In the midst of the pandemic, medical malpractice insurers and the attorneys working with them began planning for a potential tidal wave of lawsuits related to COVID-19, given the potential for morbidity that the diagnosis carried for a significant portion of the population. This would have put a tremendous strain on insurers across the country.

However, the industry so far has seen relatively few cases. In fact, medical malpractice lawsuit filings were down during the pandemic. This was due, in part, to many states implementing a hiatus on filing lawsuits when lockdown restrictions began. Because there are statutes of limitations on filing cases, there may be more COVID-19-based lawsuit filings when those statutes approach their expiration dates. Plaintiffs may file cases in order to buy time hoping that there will be a change in how the courts interpret and apply the immunities. However, in many cases, this situation is still more than a year away.

Returning to normal

In August 2020, when New York’s infection rate was less than 1%, the legislature reduced the scope of the EDTPA to cover only patients with COVID-19, eliminating those tangentially affected by a facility’s COVID-19 care for others. Furthermore, the statute was repealed, thereby ending the immunity for providers treating patients with COVID-19 after April 6, 2021. New York has returned to business as usual for malpractice regulations.
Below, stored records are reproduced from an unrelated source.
lemma SPO_SPP_unanimous_dominates:
  assumes "finite V" and cons: "consular_rule V A F" and spo: "SPO V A F" and spp: "SPP V A F"
    and L: "linear_order_on A L"
  shows "dominates L (F (unanimous V L)) (F ` profiles V A)"
  unfolding dominates_def
proof clarify
  fix P assume P: "P \<in> profiles V A"
  note lin = linear_order_onD[OF L]
  \<comment> \<open>Switch the voters to L one at a time; by SPO and SPP no switch improves on the outcome for L.\<close>
  show "(best L (F (unanimous V L)), best L (F P)) \<in> L \<and> (worst L (F (unanimous V L)), worst L (F P)) \<in> L"
  proof (rule profiles_induct_voterwise[OF \<open>finite V\<close> P unanimous_in_profiles[OF L]])
    obtain u v where "F P = {u, v}" "u \<in> A" "v \<in> A" "best L (F P) = u" "worst L (F P) = v"
      using S2_obtain_oriented[OF L consular_rule_S2[OF cons P]] by metis
    then show "(best L (F P), best L (F P)) \<in> L \<and> (worst L (F P), worst L (F P)) \<in> L"
      using lin(1) by simp
  next
    fix Q i assume Q: "Q \<in> profiles V A" "i \<in> V"
      and IH: "(best L (F Q), best L (F P)) \<in> L \<and> (worst L (F Q), worst L (F P)) \<in> L"
    have "unanimous V L i = L" using Q(2) unfolding unanimous_def by simp
    then have "(best L (F (Q(i := L))), best L (F Q)) \<in> L \<and> (worst L (F (Q(i := L))), worst L (F Q)) \<in> L"
      using SPO_SPP_dominates_deviations[OF spo spp Q L] profiles_linear[OF Q]
      unfolding dominates_def by (metis (mono_tags, lifting) fun_upd_triv mem_Collect_eq)
    then show "(best L (F (Q(i := unanimous V L i))), best L (F P)) \<in> L \<and>
        (worst L (F (Q(i := unanimous V L i))), worst L (F P)) \<in> L"
      using IH lin(2) \<open>unanimous V L i = L\<close> by metis
  qed
qed

lemma crossing_deviation_invariant:
  assumes fin: "finite A" and cons: "consular_rule V A F" and spo: "SPO V A F" and spp: "SPP V A F"
    and BC: "B \<inter> C = {}" and cr: "crossing B C (F ` profiles V A)"
    and P: "P \<in> profiles V A" and i: "i \<in> V"
    and L1: "linear_order_on A L1" and L2: "linear_order_on A L2"
    and agree: "L1 \<inter> (B \<times> B) = L2 \<inter> (B \<times> B)"
  shows "the_elem (F (P(i := L1)) \<inter> B) = the_elem (F (P(i := L2)) \<inter> B)"
proof -
  define Op where "Op = {F (P(i := L)) | L. linear_order_on A L}"
  have "Op \<subseteq> F ` profiles V A" unfolding Op_def using profiles_fun_upd[OF P i] by blast
  then have Op: "Op \<subseteq> S2 A" and crOp: "crossing B C Op"
    using consular_rule_S2[OF cons] crossing_mono[OF cr] by auto
  have dom: "\<exists>X\<in>Op. dominates L X Op" if "linear_order_on A L" for L
    using SPO_SPP_dominates_deviations[OF spo spp P i that] that unfolding Op_def by blast
  have "F (P(i := L1)) \<in> Op" "F (P(i := L2)) \<in> Op" unfolding Op_def using L1 L2 by blast+
  obtain b1 c1 where X1: "F (P(i := L1)) = {b1, c1}" "b1 \<in> B" "c1 \<in> C"
    by (rule crossingE[OF crOp \<open>F (P(i := L1)) \<in> Op\<close>])
  obtain b2 c2 where X2: "F (P(i := L2)) = {b2, c2}" "b2 \<in> B" "c2 \<in> C"
    by (rule crossingE[OF crOp \<open>F (P(i := L2)) \<in> Op\<close>])
  \<comment> \<open>Each report makes its own B-element preferred to the other's; both reports rank B alike.\<close>
  have "(b1, b2) \<in> L1"
    using dominating_crossing_pair_prefers[OF fin Op BC crOp dom L1, of b1 c1 b2 c2] X1 X2
      \<open>F (P(i := L1)) \<in> Op\<close> \<open>F (P(i := L2)) \<in> Op\<close>
      SPO_SPP_dominates_deviations[OF spo spp P i L1] unfolding Op_def by auto
  moreover have "(b2, b1) \<in> L2"
    using dominating_crossing_pair_prefers[OF fin Op BC crOp dom L2, of b2 c2 b1 c1] X1 X2
      \<open>F (P(i := L1)) \<in> Op\<close> \<open>F (P(i := L2)) \<in> Op\<close>
      SPO_SPP_dominates_deviations[OF spo spp P i L2] unfolding Op_def by auto
  then have "(b2, b1) \<in> L1" using agree X1(2) X2(2) by blast
  ultimately have "b1 = b2" using linear_order_onD(3)[OF L1] by blast
  moreover have "c1 \<notin> B" "c2 \<notin> B" using X1(3) X2(3) BC by auto
  ultimately show ?thesis using X1 X2 the_elem_crossing_pair by metis
qed
lemma dd_eq_0_iff:
  assumes distinct: "\<And>m n. m \<noteq> n \<Longrightarrow> p m \<noteq> p n"
  shows "dd p m n = 0 \<longleftrightarrow> m = n"
proof (induction m arbitrary: n rule: less_induct)
  case (less m)
  show ?case
  proof (cases m; cases n)
    fix m' n' assume mn: "m = Suc m'" "n = Suc n'"
    show ?thesis
    proof
      assume "dd p m n = 0"
      then have "kantorovich p (dd p) m' n' = 0" using mn by simp
      then have "p m' = p n'"
        using less.IH mn dd_nonneg by (intro kantorovich_eq_0_imp_eq) (auto simp: less_le)
      then show "m = n" using mn distinct by blast
    qed (simp only: dd_self_eq_0)
  qed simp_all
qed

end

theorem theorem2:
  fixes p :: "nat \<Rightarrow> nat \<Rightarrow> real"
  assumes nonneg: "\<And>n i. p n i \<ge> 0"
    and supp: "\<And>n i. i > n \<Longrightarrow> p n i = 0"
    and total: "\<And>n. (\<Sum>i\<le>n. p n i) = 1"
    and distinct: "\<And>m n. m \<noteq> n \<Longrightarrow> p m \<noteq> p n"
  shows "Metric_space {-1..} (dmet p)"
proof -
  interpret distribution_sequence p
    using nonneg supp total by unfold_locales
  have "nat (x + 1) = nat (y + 1) \<longleftrightarrow> x = y" if "x \<in> {-1..}" "y \<in> {-1..}" for x y :: int
    using that by auto
  then show ?thesis
    by unfold_locales
       (auto simp: dmet_def dd_nonneg dd_eq_0_iff[OF distinct] dd_triangle intro: dd_commute)
qed

end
Although it has been amended a number of times, the federal PREP Act is still in place, and malpractice insurers, courts and health care professionals are paying close attention to any potential legal aftershocks.

According to Benvenuto, the industry must keep a close watch on how federal courts approach challenges to PREP Act immunities that may be filed. “Although the immunities appear to be ironclad, and cases would likely be dismissed by the court in light of same, any suit that survives an initial motion to dismiss could provide plaintiffs in each state a playbook to filing and maintaining a similar case,” he said.

In the end, the COVID-19 pandemic did not bring about a sea change in medical malpractice regulations or policies. States expanded immunities where and when they had to, and when conditions improved enough to remove those exemptions, it appears most states have gone back to what worked before. Fortunately, this means premiums have not seen a “COVID-19 spike,” but it remains to be seen if this will hold in the future, especially if the Delta variant or another variant proves lasting or if a new pandemic emerges.